Blueprint: Qualitative and Quantitative Clickstream Event Analysis
The amount of clickstream data being processed and stored at the Analytics front was enormous. If we could offer users with a platform through which they could derive results, without having the required technical expertise, it would automate a lot of processes at Myntra, which are currently being done manually.
The lesser the human intervention in deriving results and analysis out of data, the better the conclusions.
The major motivation to build an application to verify the clickstream events, qualitatively and quantitatively arose when we noticed the cross team dependencies to get the required data. Often the Applications team would have to rely on the Data Insights team to verify if the roll out of the new application was successful, in terms of receiving the desired number of events and maintaining a similar ratio across various dimensions (for eg, screen load events per session).
Another use-case where Blueprint could play an important role was in multi-tenancy efforts being undertaken across organisation.
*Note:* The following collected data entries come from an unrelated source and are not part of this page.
lemma mdet_mone [simp]: "mdet mone = 1"
  by (simp add: mone_def)

lemma mdet_mpow: "mdet M = 1 \<Longrightarrow> mdet (mpow M n) = 1"
  by (induction n) simp_all

lemma mpow_add: "mpow M (m + n) = mmul (mpow M m) (mpow M n)"
  by (induction n) (simp_all add: mmul_assoc)

lemma mpow_mone [simp]: "mpow mone n = mone"
  by (induction n) simp_all

text \<open>Equality up to sign, i.e. equality of the images in PSL(2).\<close>

definition pm_eq :: "'a::comm_ring_1 mat2 \<Rightarrow> 'a mat2 \<Rightarrow> bool" where
  "pm_eq A B \<longleftrightarrow> A = B \<or> A = mneg B"

lemma pm_eq_refl [simp]: "pm_eq A A"
  by (simp add: pm_eq_def)

lemma pm_eq_sym: "pm_eq A B \<Longrightarrow> pm_eq B A"
  by (auto simp: pm_eq_def)

lemma pm_eq_trans [trans]: "pm_eq A B \<Longrightarrow> pm_eq B C \<Longrightarrow> pm_eq A C"
  by (auto simp: pm_eq_def)

lemma pm_eq_mmul: "pm_eq A A' \<Longrightarrow> pm_eq B B' \<Longrightarrow> pm_eq (mmul A B) (mmul A' B')"
  unfolding pm_eq_def by (elim disjE) simp_all

lemma mpow_mod:
  assumes "pm_eq (mpow M k) mone"
  shows "pm_eq (mpow M n) (mpow M (n mod k))"
proof -
  have multiple: "pm_eq (mpow M (k * q)) mone" for q
  proof (induction q)
    case (Suc q)
    then show ?case
      using pm_eq_mmul[OF assms Suc] by (simp add: mpow_add)
  qed simp
  then show ?thesis
    using pm_eq_mmul[OF multiple pm_eq_refl, of "n div k" "mpow M (n mod k)"]
    by (simp add: mpow_add[symmetric])
qed

section \<open>Projective representations of C_s * C_t\<close>

definition letter_mat :: "'a::comm_ring_1 mat2 \<Rightarrow> 'a mat2 \<Rightarrow> nat + nat \<Rightarrow> 'a mat2" where
  "letter_mat P Q x = mpow (if isl x then P else Q) (fp_exp x)"

definition word_mat :: "'a::comm_ring_1 mat2 \<Rightarrow> 'a mat2 \<Rightarrow> (nat + nat) list \<Rightarrow> 'a mat2" where
  "word_mat P Q w = foldr (\<lambda>x M. mmul (letter_mat P Q x) M) w mone"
The event quality leg of Blueprint could make the event definitions accessible to the tenants (Myntra and Jabong), and the various teams internally could refer to the existing event definitions to unify the structures in the future releases.
Business Use Cases
- Notifying appropriate owners about the obsolete applications and events, which have not been recorded from a considerable amount of time.
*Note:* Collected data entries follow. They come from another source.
(* Let $X$ be a normed space and let $Y$ be a real vector space ordered by a convex pointed cone $K$. Let $\alpha:\mathbb{R}_+\to\mathbb{R}_+$ be nondecreasing with $\lim_{t\to0^+}\alpha(t)/t=0$. Let $A\subset X$ be convex, $k_0\in K\setminus\{0\}$, and let $F:X\to Y$ be strongly $\alpha(\cdot)$-$k_0$ paraconvex on $A$ with constant $C\ge0$. Let $x_0\in A$, $h\in X$ with $\|h\|=1$, and $t_0\in\mathbb{R}$. For $t>t_0$ with $x_0+t_0h,\,x_0+th\in A$ define $$\phi(t):=\frac{F(x_0+th)-F(x_0+t_0h)}{t-t_0}+C\,\frac{\alpha(t-t_0)}{t-t_0}\,k_0.$$ Then for all $t_0<t_1<t$ with $x_0+t_0h,\,x_0+th\in A$ we have $$\phi(t)-\phi(t_1)+C\,\frac{\alpha(t_1-t_0)}{t_1-t_0}\,k_0\in K.$$
   Context: A cone $K$ is pointed if $K\cap(-K)=\{0\}$. For a convex cone $K\subset Y$, write $x\le_K y$ iff $y-x\in K$. A mapping $F:X\to Y$ is strongly $\alpha(\cdot)$-$k_0$ paraconvex on a convex set $A\subset X$ with constant $C\ge0$ (where $k_0\in K$) if for all $x_1,x_2\in A$ and all $\lambda\in[0,1]$, $$F(\lambda x_1+(1-\lambda)x_2)\le_K \lambda F(x_1)+(1-\lambda)F(x_2)+C\min\{\lambda,1-\lambda\}\,\alpha(\|x_1-x_2\|)\,k_0.$$ *)

theory Defs
  imports "HOL-Analysis.Analysis"
begin

definition pointed_cone :: "'a::real_vector set \<Rightarrow> bool" where
  "pointed_cone K \<longleftrightarrow> K \<inter> uminus ` K = {0}"

definition cone_le :: "'a::real_vector set \<Rightarrow> 'a \<Rightarrow> 'a \<Rightarrow> bool" where
  "cone_le K x y \<longleftrightarrow> y - x \<in> K"

definition strongly_paraconvex ::
  "(real \<Rightarrow> real) \<Rightarrow> 'b::real_vector \<Rightarrow> 'b set \<Rightarrow> real \<Rightarrow> 'a::real_normed_vector set
     \<Rightarrow> ('a \<Rightarrow> 'b) \<Rightarrow> bool" where
  "strongly_paraconvex \<alpha> k0 K C A F \<longleftrightarrow>
     (\<forall>x1\<in>A. \<forall>x2\<in>A. \<forall>l\<in>{0..1::real}.
        cone_le K (F (l *\<^sub>R x1 + (1 - l) *\<^sub>R x2))
          (l *\<^sub>R F x1 + (1 - l) *\<^sub>R F x2
            + (C * min l (1 - l) * \<alpha> (norm (x1 - x2))) *\<^sub>R k0))"

definition phi_quot ::
  "('a::real_normed_vector \<Rightarrow> 'b::real_vector) \<Rightarrow> (real \<Rightarrow> real) \<Rightarrow> real \<Rightarrow> 'b
     \<Rightarrow> 'a \<Rightarrow> 'a \<Rightarrow> real \<Rightarrow> real \<Rightarrow> 'b" where
  "phi_quot F \<alpha> C k0 x0 h t0 t =
     (1 / (t - t0)) *\<^sub>R (F (x0 + t *\<^sub>R h) - F (x0 + t0 *\<^sub>R h))
     + (C * (\<alpha> (t - t0) / (t - t0))) *\<^sub>R k0"

end

theory Submission
  imports Defs
begin

text \<open>With \<open>a = x0 + t0 h\<close>, \<open>b = x0 + t h\<close> and \<open>l = (t1 - t0) / (t - t0)\<close>, the point
  \<open>x0 + t1 h\<close> is \<open>l b + (1 - l) a\<close>. Paraconvexity and \<open>min l (1 - l) \<le> l\<close> bound the secant
  slope of \<open>F\<close> from \<open>a\<close> to \<open>x0 + t1 h\<close> by the slope from \<open>a\<close> to \<open>b\<close> plus
  \<open>C \<alpha>(t - t0)/(t - t0) k0\<close>, i.e. by \<open>\<phi>(t)\<close>; and that first slope is \<open>\<phi>(t1)\<close> without its
  correction term.\<close>

lemma cone_le_trans:
  assumes "convex_cone K" "cone_le K x y" "cone_le K y z"
  shows "cone_le K x z"
proof -
  have "z - x = (z - y) + (y - x)" by simp
  then show ?thesis
    using assms convex_cone_add unfolding cone_le_def by metis
qed

lemma cone_le_scaleR:
  assumes "convex_cone K" "cone_le K x y" "c \<ge> 0"
  shows "cone_le K (c *\<^sub>R x) (c *\<^sub>R y)"
  using assms convex_cone_scaleR unfolding cone_le_def
  by (metis scaleR_diff_right)

lemma strongly_paraconvex_secant_slope:
  assumes K: "convex_cone K" and "k0 \<in> K" and "C \<ge> 0" and "\<alpha> (norm (b - a)) \<ge> 0"
    and F: "strongly_paraconvex \<alpha> k0 K C A F"
    and "a \<in> A" "b \<in> A" and l: "0 < l" "l \<le> 1"
  shows "cone_le K ((1 / l) *\<^sub>R (F (l *\<^sub>R b + (1 - l) *\<^sub>R a) - F a))
           (F b - F a + (C * \<alpha> (norm (b - a))) *\<^sub>R k0)"
proof -
  define w where "w = F b - F a + (C * \<alpha> (norm (b - a))) *\<^sub>R k0"
  define m where "m = min l (1 - l)"
  have convex_comb: "cone_le K (F (l *\<^sub>R b + (1 - l) *\<^sub>R a))
      (l *\<^sub>R F b + (1 - l) *\<^sub>R F a + (C * m * \<alpha> (norm (b - a))) *\<^sub>R k0)"
    using F \<open>a \<in> A\<close> \<open>b \<in> A\<close> l unfolding strongly_paraconvex_def m_def by auto
  have "C * (l - m) * \<alpha> (norm (b - a)) \<ge> 0"
    using assms by (simp add: m_def)
  then have "(C * (l - m) * \<alpha> (norm (b - a))) *\<^sub>R k0 \<in> K"
    using K \<open>k0 \<in> K\<close> convex_cone_scaleR by blast
  then have "cone_le K (l *\<^sub>R F b + (1 - l) *\<^sub>R F a + (C * m * \<alpha> (norm (b - a))) *\<^sub>R k0)
      (F a + l *\<^sub>R w)"
    unfolding cone_le_def w_def by (simp add: algebra_simps)
  with K convex_comb have "cone_le K (F (l *\<^sub>R b + (1 - l) *\<^sub>R a)) (F a + l *\<^sub>R w)"
    by (rule cone_le_trans)
  then have "cone_le K (F (l *\<^sub>R b + (1 - l) *\<^sub>R a) - F a) (l *\<^sub>R w)"
    by (simp add: cone_le_def algebra_simps)
  from cone_le_scaleR[OF K this, of "1 / l"] l show ?thesis
    by (simp add: w_def)
qed

theorem proposition3p1:
  fixes F :: "'a::real_normed_vector \<Rightarrow> 'b::real_vector"
    and K :: "'b set" and \<alpha> :: "real \<Rightarrow> real" and A :: "'a set"
    and k0 :: 'b and C t0 :: real and x0 h :: 'a
  assumes "convex_cone K" and "pointed_cone K"
    and "\<forall>t\<ge>0. \<alpha> t \<ge> 0" and "mono_on {0..} \<alpha>"
    and "((\<lambda>t. \<alpha> t / t) \<longlongrightarrow> 0) (at_right 0)"
    and "convex A" and "k0 \<in> K" and "k0 \<noteq> 0" and "C \<ge> 0"
    and "strongly_paraconvex \<alpha> k0 K C A F"
    and "x0 \<in> A" and "norm h = 1"
  shows "\<forall>t1 t. t0 < t1 \<and> t1 < t \<and> x0 + t0 *\<^sub>R h \<in> A \<and> x0 + t *\<^sub>R h \<in> A \<longrightarrow>
           phi_quot F \<alpha> C k0 x0 h t0 t - phi_quot F \<alpha> C k0 x0 h t0 t1
             + (C * (\<alpha> (t1 - t0) / (t1 - t0))) *\<^sub>R k0 \<in> K"
proof (intro allI impI, elim conjE)
  fix t1 t assume "t0 < t1" "t1 < t" and A: "x0 + t0 *\<^sub>R h \<in> A" "x0 + t *\<^sub>R h \<in> A"
  define l where "l = (t1 - t0) / (t - t0)"
  have l: "0 < l" "l \<le> 1" using \<open>t0 < t1\<close> \<open>t1 < t\<close> by (auto simp: l_def)
  have mid: "l *\<^sub>R (x0 + t *\<^sub>R h) + (1 - l) *\<^sub>R (x0 + t0 *\<^sub>R h) = x0 + t1 *\<^sub>R h"
  proof -
    have "t0 + l * (t - t0) = t1" using \<open>t0 < t1\<close> \<open>t1 < t\<close> by (simp add: l_def)
    then show ?thesis by (simp add: algebra_simps flip: scaleR_add_left)
  qed
  have dist: "norm ((x0 + t *\<^sub>R h) - (x0 + t0 *\<^sub>R h)) = t - t0"
    using \<open>norm h = 1\<close> \<open>t0 < t1\<close> \<open>t1 < t\<close> by (simp flip: scaleR_diff_left)
  have "cone_le K ((1 / l) *\<^sub>R (F (x0 + t1 *\<^sub>R h) - F (x0 + t0 *\<^sub>R h)))
      (F (x0 + t *\<^sub>R h) - F (x0 + t0 *\<^sub>R h) + (C * \<alpha> (t - t0)) *\<^sub>R k0)"
    using strongly_paraconvex_secant_slope[OF assms(1,7,9) _ assms(10) A(1,2) l] assms(3)
      \<open>t0 < t1\<close> \<open>t1 < t\<close> unfolding mid dist by simp
  from cone_le_scaleR[OF assms(1) this, of "1 / (t - t0)"] \<open>t0 < t1\<close> \<open>t1 < t\<close>
  show "phi_quot F \<alpha> C k0 x0 h t0 t - phi_quot F \<alpha> C k0 x0 h t0 t1
          + (C * (\<alpha> (t1 - t0) / (t1 - t0))) *\<^sub>R k0 \<in> K"
    by (simp add: cone_le_def phi_quot_def l_def algebra_simps)
qed

end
- Reporting of new applications, events and keys contained within the event body.
- Elimination of manual efforts required for drawing conclusions from the numbers related to clickstream data.
- Easing the attainment of multi-tenancy, by minimising the error ratio and unifying the event structures.
- An automated process to ensure a safe application roll out, by multiple numbers/percentage verification stages.
The architecture primarily deals with two parts, a) Data Ingestion and Processing and b) Services.
Blueprint is powered by:
- Analytics Data Pipeline, Meterial: It records clickstream events from various user facing applications and allows the Elastic Load Balancer (ELB) to distribute the events to various Heimdals, which are Kafka producers written in Go Lang. Secor then takes theresponsibility of reading clickstream events from various Kafka queues and put them into the Data Lake.
- Apache Spark and Database: We consume the raw JSON events, which are stored in specific buckets of the Amazon S3. The Spark jobs, written in Scala, act on them inorder to crunch the useful information out of it and store it in the MySQL, which we use as the primary Blueprint database.
- Services: The Blueprint backend services have been designed using Spring Boot, written in Java, while the frontend in powered using ReactJS.
The data processing layer acts as the backbone to the entire Blueprint project. This process can logically be divided into two legs, one being the Metadata Processor and the other one being the Events Processor.
The metadata processor ran once, during the time on initiation of Blueprint and it consumed a month’s data. This was done in order to obtain all the applications and events received in that period. This job also was able to produce the valid combinations of the two.
The second leg — events processor, which runs every hour consumes clickstream events for all the available tenants (Myntra and Jabong, at the time of writing this post) and checks for any new event or new application, or even a new combination of the two. Then an additional step that it performs is to store the count of individual events, being received from a specific application, triggered from an internal screen. For eg, addToCart was recorded 1200 times from Products Page on MyntraRetail v3.2 from Android.
Another functionality handled by the hourly job is the upsertion (update/insert) operation for the event and application combination to the database. Incase we receive a combination that already exists in our database, we would need to update the last seen of that specific event. And in the cases where a new combination is recorded, the first seen has to be inserted so that appropriate notifications can be triggered.
This project wouldn’t have been possible without the support received from the entire Data Products and Platform Team. I’d like to thank Apurva Shah for the constant motivation during my internship. I greatly value the guidance received from my mentor, Karshit Jaiswal throughout the development process.